Sanofi has posted financials for the first quarter this morning which show that earnings and sales rose, although it repeated earlier guidance that 2012 profits will be down 15% due to generics.

Turnover rose 9.4% to 8.51 billion euros, while business net income, which excludes items, increased 12% to 2.44 billion euros. Pharmaceuticals were up 8.8% to 7.32 billion euros, a healthy result given the scale of generic competition to key products.

The antithrombotic Lovenox (enoxaparin) saw sales fall 10.5% to 526 million euros, while the bloodthinner Plavix (clopidogrel), partnered with Bristol-Myers Squibb, brought in 505 million euros to Sanofi’s coffers, down just 0.2%, despite generics hitting European sales by 18.6%. Patent expiries meant that the cancer drug Taxotere (docetaxel) slumped 61.8% to 150 million euros, while the antihypertensive Avapro/Avalide/Karvea (irbesartan) also partnered with B-MS, fell 18.1% to 404 million euros.

On the bright side, the Paris-headquartered firm's diabetes division contributed 1.31 billion euros (+14.4%), and Lantus (insulin glargine) made up 1.12 billion euros of that, a rise of 17.2%. The new anti-arrhythmic Multaq (dronedarone) brought in 63 million euros, down 3.2%, while sales of Jevtana (cabazitaxel) for prostate cancer came in at 54 million euros, an increase of 10.4%.
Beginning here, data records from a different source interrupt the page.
lemma finite_self_map_idempotent_power:
  assumes "finite V" and maps: "\<And>x. x \<in> V \<Longrightarrow> f x \<in> V"
  shows "\<exists>m\<ge>1. \<forall>x\<in>V. (f ^^ m) ((f ^^ m) x) = (f ^^ m) x"
proof -
  let ?F = "\<lambda>k. restrict (f ^^ k) V"
  have "range ?F \<subseteq> V \<rightarrow>\<^sub>E V"
    using funpow_in_invariant_set[OF maps] by auto
  then have "finite (range ?F)"
    by (rule finite_subset) (simp add: finite_PiE \<open>finite V\<close>)
  then have "\<not> inj ?F"
    using finite_imageD infinite_UNIV_nat by blast
  then obtain a0 b0 where "a0 \<noteq> b0" and "?F a0 = ?F b0"
    by (auto simp: inj_def)
  then obtain a b where "a < b" and "?F a = ?F b"
    by (metis linorder_neqE_nat)
  then have ab: "(f ^^ a) x = (f ^^ b) x" if "x \<in> V" for x
    using that by (metis restrict_apply')
  define p where "p = b - a"
  have cycle: "(f ^^ (p * t)) ((f ^^ a) x) = (f ^^ a) x" if "x \<in> V" for x t
  proof -
    have "(f ^^ p) ((f ^^ a) x) = (f ^^ (p + a)) x"
      by (simp add: funpow_add)
    also have "p + a = b"
      using \<open>a < b\<close> by (simp add: p_def)
    finally have "(f ^^ p) ((f ^^ a) x) = (f ^^ a) x"
      using ab[OF that] by simp
    from funpow_mod_eq[where m = "p * t", OF this] show ?thesis
      by simp
  qed
  define m where "m = p * (a + 1)"
  have "1 \<le> p"
    using \<open>a < b\<close> by (simp add: p_def)
  then have "a \<le> m" "1 \<le> m"
    by (simp_all add: m_def trans_le_add2)
  have "(f ^^ m) ((f ^^ m) x) = (f ^^ m) x" if "x \<in> V" for x
  proof -
    have "m + m = (m - a) + (p * (a + 1) + a)"
      using \<open>a \<le> m\<close> by (simp add: m_def)
    then have "(f ^^ m) ((f ^^ m) x) = (f ^^ (m - a)) ((f ^^ (p * (a + 1))) ((f ^^ a) x))"
      by (metis comp_apply funpow_add)
    also have "\<dots> = (f ^^ (m - a + a)) x"
      by (simp only: cycle[OF that] funpow_add comp_apply)
    finally show ?thesis
      using \<open>a \<le> m\<close> by simp
  qed
  then show ?thesis
    using \<open>1 \<le> m\<close> by blast
qed

lemma funpow_idempotent_mult:
  assumes "(f ^^ m) ((f ^^ m) x) = (f ^^ m) x" and "t \<ge> 1"
  shows "(f ^^ (m * t)) x = (f ^^ m) x"
  using \<open>t \<ge> 1\<close>
proof (induction t rule: dec_induct)
  case (step t)
  then show ?case
    using assms(1) by (simp add: funpow_add)
qed simp

lemma funpow_idempotent_fixed:
  assumes "(f ^^ m) ((f ^^ m) x) = (f ^^ m) x" and "(f ^^ k) x = x" and "k \<ge> 1"
  shows "(f ^^ m) x = x"
proof -
  from funpow_mod_eq[where m = "m * k", OF assms(2)]
  have "x = (f ^^ (m * k)) x"
    by simp
  also have "\<dots> = (f ^^ m) x"
    using funpow_idempotent_mult[OF assms(1)] \<open>k \<ge> 1\<close> by simp
  finally show ?thesis
    by simp
qed

lemma funpow_idempotent_reaches_fixpoint:
  assumes "(f ^^ m) ((f ^^ m) x) = (f ^^ m) x" and "m \<ge> 1"
    and "(f ^^ j) x = c" and "f c = c"
  shows "(f ^^ m) x = c"
proof -
  have fixed: "(f ^^ i) c = c" for i
    using \<open>f c = c\<close> by (induction i) simp_all
  show ?thesis
  proof (cases "j = 0")
    case True
    then show ?thesis
      using assms(3) fixed by simp
  next
    case False
    have "(f ^^ m) x = (f ^^ (m * j)) x"
      using funpow_idempotent_mult[OF assms(1)] False by simp
    also have "\<dots> = (f ^^ (m * j - j)) ((f ^^ j) x)"
      using \<open>m \<ge> 1\<close> by (simp add: funpow_apply_funpow)
    finally show ?thesis
      using assms(3) fixed by simp
  qed
qed

locale mod_matrix_map =
  fixes M :: "int ^ 'd ^ 'd" and N :: int
  assumes modulus_pos: "N > 0"
begin

abbreviation T :: "int ^ 'd \<Rightarrow> int ^ 'd" where "T \<equiv> Tmap M N"
abbreviation V :: "(int ^ 'd) set" where "V \<equiv> Ltil N"

definition reduce :: "int ^ 'd \<Rightarrow> int ^ 'd" where
  "reduce x = (\<chi> i. x $ i mod N)"

lemma reduce_in_Ltil: "reduce x \<in> V"
  using modulus_pos by (simp add: reduce_def Ltil_def)

lemma reduce_eq_self: "x \<in> V \<Longrightarrow> reduce x = x"
  by (simp add: reduce_def Ltil_def vec_eq_iff)

lemma reduce_zero [simp]: "reduce 0 = 0"
  by (simp add: reduce_def vec_eq_iff)

lemma reduce_add: "reduce (reduce x + reduce y) = reduce (x + y)"
  by (simp add: reduce_def vec_eq_iff mod_add_eq)

lemma reduce_diff: "reduce (reduce x - reduce y) = reduce (x - y)"
  by (simp add: reduce_def vec_eq_iff mod_diff_eq)

lemma reduce_diff_eq_zero_iff:
  assumes "a \<in> V" and "b \<in> V"
  shows "reduce (a - b) = 0 \<longleftrightarrow> a = b"
proof -
  have "reduce (a - b) = 0 \<longleftrightarrow> reduce a = reduce b"
    by (simp add: reduce_def vec_eq_iff mod_eq_dvd_iff mod_eq_0_iff_dvd)
  then show ?thesis
    using assms by (simp add: reduce_eq_self)
qed

lemma zero_in_Ltil: "0 \<in> V"
  using modulus_pos by (simp add: Ltil_def)

lemma Tmap_eq: "T x = reduce (M *v x)"
  by (simp add: Tmap_def reduce_def)

lemma Tmap_reduce: "T (reduce x) = T x"
proof -
  have "(\<Sum>j\<in>UNIV. M $ i $ j * (x $ j mod N)) mod N = (\<Sum>j\<in>UNIV. M $ i $ j * x $ j) mod N" for i
  proof -
    have "(\<Sum>j\<in>UNIV. M $ i $ j * (x $ j mod N)) mod N
        = (\<Sum>j\<in>UNIV. M $ i $ j * (x $ j mod N) mod N) mod N"
      by (simp add: mod_sum_eq)
    also have "\<dots> = (\<Sum>j\<in>UNIV. M $ i $ j * x $ j mod N) mod N"
      by (simp add: mod_mult_right_eq)
    also have "\<dots> = (\<Sum>j\<in>UNIV. M $ i $ j * x $ j) mod N"
      by (simp add: mod_sum_eq)
    finally show ?thesis .
  qed
  then show ?thesis
    by (simp add: Tmap_def reduce_def matrix_vector_mult_def)
qed

lemma Tmap_in_Ltil: "T x \<in> V"
  by (simp add: Tmap_eq reduce_in_Ltil)

lemma funpow_Tmap_in_Ltil: "x \<in> V \<Longrightarrow> (T ^^ k) x \<in> V"
  by (rule funpow_in_invariant_set[OF Tmap_in_Ltil])

lemma Tmap_zero [simp]: "T 0 = 0"
  by (simp add: Tmap_eq)

lemma funpow_Tmap_zero [simp]: "(T ^^ k) 0 = 0"
  by (induction k) simp_all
Sales of the colorectal cancer drug Eloxatin (oxaliplatin) were up 96.3% to 384 million euros. The latter rise was due to Sanofi winning a patent battle in September with India's Sun Pharmaceuticals that will keep generic versions of Eloxatin off the US market until August 2012.

Sales at Sanofi’s vaccines division dipped 0.2% to 617 billion euros, while the consumer healthcare business brought in 805 million euros (+11.4%). Revenues from the generics unit rose 6.5% to 439 million euros.

Strong growth at Genzyme

As for the financials at recently-acquired Genzyme Corp, revenues grew 13.7% to $400 million. Cerezyme (imiglucerase) for Gaucher disease was up 5.8% to $149 million and Fabrazyme (agalsidase beta) for Fabry disease increased 50.0% to $47 million. Supplies of the two therapies are slowly recovering from  the temporary closure of the firm's Allston Landing, Boston facility in June 2009. Sales of Lumizyme/Myozyme (alglucosidase alfa) for Pompe disease grew 17.0% to $112 million.

Chief executive Chris Viehbacher (pictured) noted that "although, as expected, Plavix will lose exclusivity in May in the USA, the strong underlying performance of the business is consistent with our medium-term growth outlook". Sanofi was also pleased with its performance in the emerging markets, where sales were up 9.9% to 2.62 billion euros.